(Data provided begins)
lemma total_cost_le_uniform:
  assumes "\<forall>Be. Ch Be None = None" and "\<forall>k<length Ts. 1 \<le> tr_s (Ts ! k)"
    and "length ds = length Ts" and "\<forall>k<length Ts. tr_t (Ts ! k) \<le> T"
  shows "total_cost Ch e Ts ds x
    \<le> (T + 1) * length x * max 1 (length Ts) * (\<Prod>k<length Ts. ds ! k + 1)"
proof -
  have "(\<Sum>k<length Ts. tr_t (Ts ! k)) \<le> length Ts * T"
    using assms(4) sum_bounded_above[of "{..<length Ts}" "\<lambda>k. tr_t (Ts ! k)" T] by simp
  moreover have "1 + length Ts * T \<le> (T + 1) * max 1 (length Ts)"
    by (cases "length Ts") (simp_all add: algebra_simps)
  ultimately have "1 + (\<Sum>k<length Ts. tr_t (Ts ! k)) \<le> (T + 1) * max 1 (length Ts)"
    by linarith
  with total_cost_le[of Ch, OF assms(1-3)]
  have "total_cost Ch e Ts ds x
      \<le> (\<Prod>k<length Ts. ds ! k + 1) * length x * ((T + 1) * max 1 (length Ts))"
    by (meson mult_le_mono2 order_trans)
  then show ?thesis
    by (simp only: ac_simps)
qed

theorem theorem4p2:
  fixes C :: "real^'m::finite \<Rightarrow> real^'d::finite \<Rightarrow> real^'d"
    and e :: "'a::finite \<Rightarrow> real^'m"
    and Ch :: "'m box \<Rightarrow> 'd box \<Rightarrow> 'd box"
    and Ts :: "'a trans list" and ds :: "nat list" and x :: "'a list"
  assumes "sound_cell C Ch"
    and "length ds = length Ts"
    and "\<forall>k<length Ts. 1 \<le> tr_s (Ts ! k)"
    and "\<forall>k<length Ts. \<forall>w. length w = tr_s (Ts ! k) \<longrightarrow>
            (\<forall>w'\<in>tr_f (Ts ! k) w. length w' = tr_t (Ts ! k))"
  shows "{lstm_str C e z 0 | z. z \<in> perturb Ts ds x} \<subseteq> gamma (Fhat Ch e Ts ds x)
         \<and> (\<forall>T. (\<forall>k<length Ts. tr_t (Ts ! k) \<le> T) \<longrightarrow>
              total_cost Ch e Ts ds x
                \<le> (T + 1) * length x * max 1 (length Ts) * (\<Prod>k<length Ts. ds ! k + 1))"
proof -
  have Ch_None: "\<forall>Be. Ch Be None = None"
    using assms(1) by (simp add: sound_cell_def)
  have "lstm_str C e z 0 \<in> gamma (Fhat Ch e Ts ds x)" if z: "z \<in> perturb Ts ds x" for z
  proof -
    obtain dl where "dl \<in> subspaces ds" and "perturb_prefix Ts x dl (length x) z"
      using perturb_imp_perturb_prefix[OF z assms(2)] .
    with lstm_mem_gamma_Hhat[OF assms(1,3,4)] show ?thesis
      by (intro mem_gamma_Fhat[of Ch, OF Ch_None assms(3,2)])
  qed
  moreover note total_cost_le_uniform[of Ch, OF Ch_None assms(3,2)]
  ultimately show ?thesis by blast
qed

end
lemma Ppath_pairwise_disjoint_iff:
  assumes "\<forall>i. 1 \<le> i \<and> i < k \<longrightarrow> lam (Suc i) \<le> lam i"
    and "\<forall>i. 1 \<le> i \<and> i \<le> k \<longrightarrow> C i \<le> lam i"
  shows "(\<forall>i j. 1 \<le> i \<and> i < j \<and> j \<le> k \<longrightarrow> set (Ppath k lam C i) \<inter> set (Ppath k lam C j) = {})
     \<longleftrightarrow> (\<forall>i. 1 \<le> i \<and> i < k \<longrightarrow> C (Suc i) \<le> C i)"
proof -
  have Ppath: "Ppath k lam C i = row_path (lam i) (C i) i" if "1 \<le> i" "i \<le> k" for i
    using Ppath_eq_row_path that assms(2) by blast
  have adjacent: "set (Ppath k lam C i) \<inter> set (Ppath k lam C (Suc i)) = {} \<longleftrightarrow> C (Suc i) \<le> C i"
    if "1 \<le> i" "i < k" for i
    using row_paths_adjacent_disjoint_iff[of i "C (Suc i)" "lam (Suc i)" "lam i" "C i"]
      that assms Ppath[of i] Ppath[of "Suc i"] by auto
  show ?thesis
  proof (intro iffI allI impI)
    fix i assume "\<forall>i j. 1 \<le> i \<and> i < j \<and> j \<le> k \<longrightarrow> set (Ppath k lam C i) \<inter> set (Ppath k lam C j) = {}"
      and "1 \<le> i \<and> i < k"
    then show "C (Suc i) \<le> C i" using adjacent by auto
  next
    fix i j assume "\<forall>i. 1 \<le> i \<and> i < k \<longrightarrow> C (Suc i) \<le> C i" and "1 \<le> i \<and> i < j \<and> j \<le> k"
    then show "set (Ppath k lam C i) \<inter> set (Ppath k lam C j) = {}"
      using adjacent Ppath row_paths_disjoint_if_not_adjacent
      by (cases "j = Suc i") auto
  qed
qed


lemma path_wt_row_path:
  assumes "c \<le> l"
  shows "path_wt k lam \<alpha> \<beta> (row_path l c i) = D_wt k lam \<alpha> \<beta> (diag_edge i c)"
proof -
  have "path_wt k lam \<alpha> \<beta> (row_path l c i) =
     (\<Prod>m\<in>{0..<l + 1}. D_wt k lam \<alpha> \<beta> ((int m, row_height c i m), (int (Suc m), row_height c i (Suc m))))"
    unfolding path_wt_def zip_tl_row_path
    by (simp add: prod.distinct_set_conv_list[symmetric] comp_def del: upt_Suc)
  also have "\<dots> = (\<Prod>m\<in>{0..<l + 1}. if m = c then D_wt k lam \<alpha> \<beta> (diag_edge i c) else 1)"
    by (rule prod.cong) (auto simp: D_wt_def is_diag_def row_height_def diag_edge_def)
  finally show ?thesis using assms by simp
qed

lemma D_wt_diag_edge:
  "D_wt k lam \<alpha> \<beta> (diag_edge i c) =
     (if c = 0 then 1 / \<beta> else if lamx k lam (Suc i) < c
      then (1 / \<alpha>) ^ (c - lamx k lam (Suc i)) else 1)"
  by (simp add: D_wt_def is_diag_def diag_edge_def Let_def nat_diff_distrib)

lemma lattice_path_eq_steps:
  "lattice_path n k c =
     (\<lambda>i. ((int (c i), int i - 1), (int (c i), int i))) ` {1..k}
   \<union> (\<lambda>(j, x). ((x, int j), (x - 1, int j))) `
       (SIGMA j:{0..k}. {int (cext n k c (Suc j))<..int (cext n k c j)})"
  unfolding lattice_path_def by auto

lemma prod_if_greaterThanAtMost:
  fixes a b lo hi :: int
  assumes "a \<le> lo" "b \<le> hi"
  shows "(\<Prod>x\<in>{a<..b}. if lo < x \<and> x \<le> hi then u else 1) = u ^ nat (b - lo)"
proof -
  have "(\<Prod>x\<in>{a<..b}. if lo < x \<and> x \<le> hi then u else 1)
      = (\<Prod>x\<in>{a<..b} \<inter> {x. lo < x \<and> x \<le> hi}. u) * (\<Prod>x\<in>{a<..b} \<inter> - {x. lo < x \<and> x \<le> hi}. 1)"
    by (rule prod.If_cases) simp
  also have "{a<..b} \<inter> {x. lo < x \<and> x \<le> hi} = {lo<..b}"
    using assms by auto
  finally show ?thesis by simp
qed
lemma energy_derivative_bound:
  fixes u v e L :: real
  assumes e: "\<bar>e\<bar> \<le> L * \<bar>u\<bar>" and "0 \<le> L"
  shows "\<bar>2 * u * v + 2 * v * e\<bar> \<le> (1 + L) * (u\<^sup>2 + v\<^sup>2)"
proof -
  have "\<bar>2 * u * v + 2 * v * e\<bar> \<le> 2 * \<bar>u\<bar> * \<bar>v\<bar> + 2 * \<bar>v\<bar> * \<bar>e\<bar>"
    using abs_triangle_ineq[of "2 * u * v" "2 * v * e"] by (simp add: abs_mult)
  also have "\<dots> \<le> 2 * \<bar>u\<bar> * \<bar>v\<bar> + 2 * \<bar>v\<bar> * (L * \<bar>u\<bar>)"
    using e by (simp add: mult_left_mono)
  also have "\<dots> = (1 + L) * (2 * \<bar>u\<bar> * \<bar>v\<bar>)"
    by (simp add: algebra_simps)
  also have "\<dots> \<le> (1 + L) * (u\<^sup>2 + v\<^sup>2)"
    using sum_squares_bound[of "\<bar>u\<bar>" "\<bar>v\<bar>"] \<open>0 \<le> L\<close> by (simp add: mult_left_mono)
  finally show ?thesis .
qed

lemma autonomous_second_order_unique:
  fixes F f f1 g g1 :: "real \<Rightarrow> real"
  assumes lip: "\<And>x y. \<bar>F x - F y\<bar> \<le> L * \<bar>x - y\<bar>"
    and f1: "\<And>z. (f has_real_derivative f1 z) (at z)"
    and f2: "\<And>z. (f1 has_real_derivative F (f z)) (at z)"
    and g1: "\<And>z. (g has_real_derivative g1 z) (at z)"
    and g2: "\<And>z. (g1 has_real_derivative F (g z)) (at z)"
    and "f z0 = g z0" and "f1 z0 = g1 z0"
  shows "f z = g z"
proof -
  define u where "u z = f z - g z" for z
  define v where "v z = f1 z - g1 z" for z
  define e where "e z = F (f z) - F (g z)" for z
  have du: "(u has_real_derivative v z) (at z)" for z
    unfolding u_def[abs_def] v_def by (rule DERIV_diff[OF f1 g1])
  have dv: "(v has_real_derivative e z) (at z)" for z
    unfolding v_def[abs_def] e_def by (rule DERIV_diff[OF f2 g2])
  have dw: "((\<lambda>z. (u z)\<^sup>2 + (v z)\<^sup>2) has_real_derivative 2 * u z * v z + 2 * v z * e z) (at z)"
    for z
    using DERIV_add[OF DERIV_power[OF du, of 2] DERIV_power[OF dv, of 2]]
    by (simp add: algebra_simps)
  have "0 \<le> L" using lip[of 1 0] by simp
  have bound: "\<bar>2 * u z * v z + 2 * v z * e z\<bar> \<le> (1 + L) * ((u z)\<^sup>2 + (v z)\<^sup>2)" for z
    using energy_derivative_bound[OF lip \<open>0 \<le> L\<close>] unfolding e_def u_def .
  have init: "(u z0)\<^sup>2 + (v z0)\<^sup>2 = 0" using assms(6,7) by (simp add: u_def v_def)
  have "(u z)\<^sup>2 + (v z)\<^sup>2 = 0"
    by (rule gronwall_zero[OF dw _ bound init]) simp
  thus ?thesis by (simp add: u_def)
qed

lemma pendulum_reflection:
  fixes f f1 :: "real \<Rightarrow> real"
  assumes f1: "\<And>z. (f has_real_derivative f1 z) (at z)"
    and f2: "\<And>z. (f1 has_real_derivative - k * sin (f z)) (at z)"
    and "sin (f z0) = 0"
  shows "f (2 * z0 - z) = 2 * f z0 - f z"
proof -
  define g where "g z = 2 * f z0 - f (2 * z0 - z)" for z
  define g1 where "g1 z = f1 (2 * z0 - z)" for z
  have reflect: "((\<lambda>z. 2 * z0 - z) has_real_derivative - 1) (at z)" for z
    by (auto intro!: derivative_eq_intros)
  have dg: "(g has_real_derivative g1 z) (at z)" for z
    using DERIV_diff[OF DERIV_const DERIV_chain2[OF f1 reflect], of "2 * f z0"]
    by (simp add: g_def[abs_def] g1_def)
  have dg1: "(g1 has_real_derivative - k * sin (g z)) (at z)" for z
    using DERIV_chain2[OF f2 reflect] sin_two_mult_minus[OF assms(3)]
    by (simp add: g_def g1_def[abs_def])
  have lip: "\<bar>- k * sin x - - k * sin y\<bar> \<le> \<bar>k\<bar> * \<bar>x - y\<bar>" for x y
    using abs_sin_diff_le[of x y] by (simp add: abs_mult right_diff_distrib[symmetric] mult_left_mono)
  have "f (2 * z0 - z) = g (2 * z0 - z)"
    by (rule autonomous_second_order_unique[where F = "\<lambda>x. - k * sin x", OF lip f1 f2 dg dg1, of z0])
      (simp_all add: g_def g1_def)
  thus ?thesis by (simp add: g_def)
qed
(Data provided ends)
[Assignment]
Starting at the line that contains "(f1 has_real_derivative - k", write out every line through the last one in the data above, exactly as it stands.

[Completed exercise]
    and f2: "\<And>z. (f1 has_real_derivative - k * sin (f z)) (at z)"
    and "sin (f z0) = 0"
  shows "f (2 * z0 - z) = 2 * f z0 - f z"
proof -
  define g where "g z = 2 * f z0 - f (2 * z0 - z)" for z
  define g1 where "g1 z = f1 (2 * z0 - z)" for z
  have reflect: "((\<lambda>z. 2 * z0 - z) has_real_derivative - 1) (at z)" for z
    by (auto intro!: derivative_eq_intros)
  have dg: "(g has_real_derivative g1 z) (at z)" for z
    using DERIV_diff[OF DERIV_const DERIV_chain2[OF f1 reflect], of "2 * f z0"]
    by (simp add: g_def[abs_def] g1_def)
  have dg1: "(g1 has_real_derivative - k * sin (g z)) (at z)" for z
    using DERIV_chain2[OF f2 reflect] sin_two_mult_minus[OF assms(3)]
    by (simp add: g_def g1_def[abs_def])
  have lip: "\<bar>- k * sin x - - k * sin y\<bar> \<le> \<bar>k\<bar> * \<bar>x - y\<bar>" for x y
    using abs_sin_diff_le[of x y] by (simp add: abs_mult right_diff_distrib[symmetric] mult_left_mono)
  have "f (2 * z0 - z) = g (2 * z0 - z)"
    by (rule autonomous_second_order_unique[where F = "\<lambda>x. - k * sin x", OF lip f1 f2 dg dg1, of z0])
      (simp_all add: g_def g1_def)
  thus ?thesis by (simp add: g_def)
qed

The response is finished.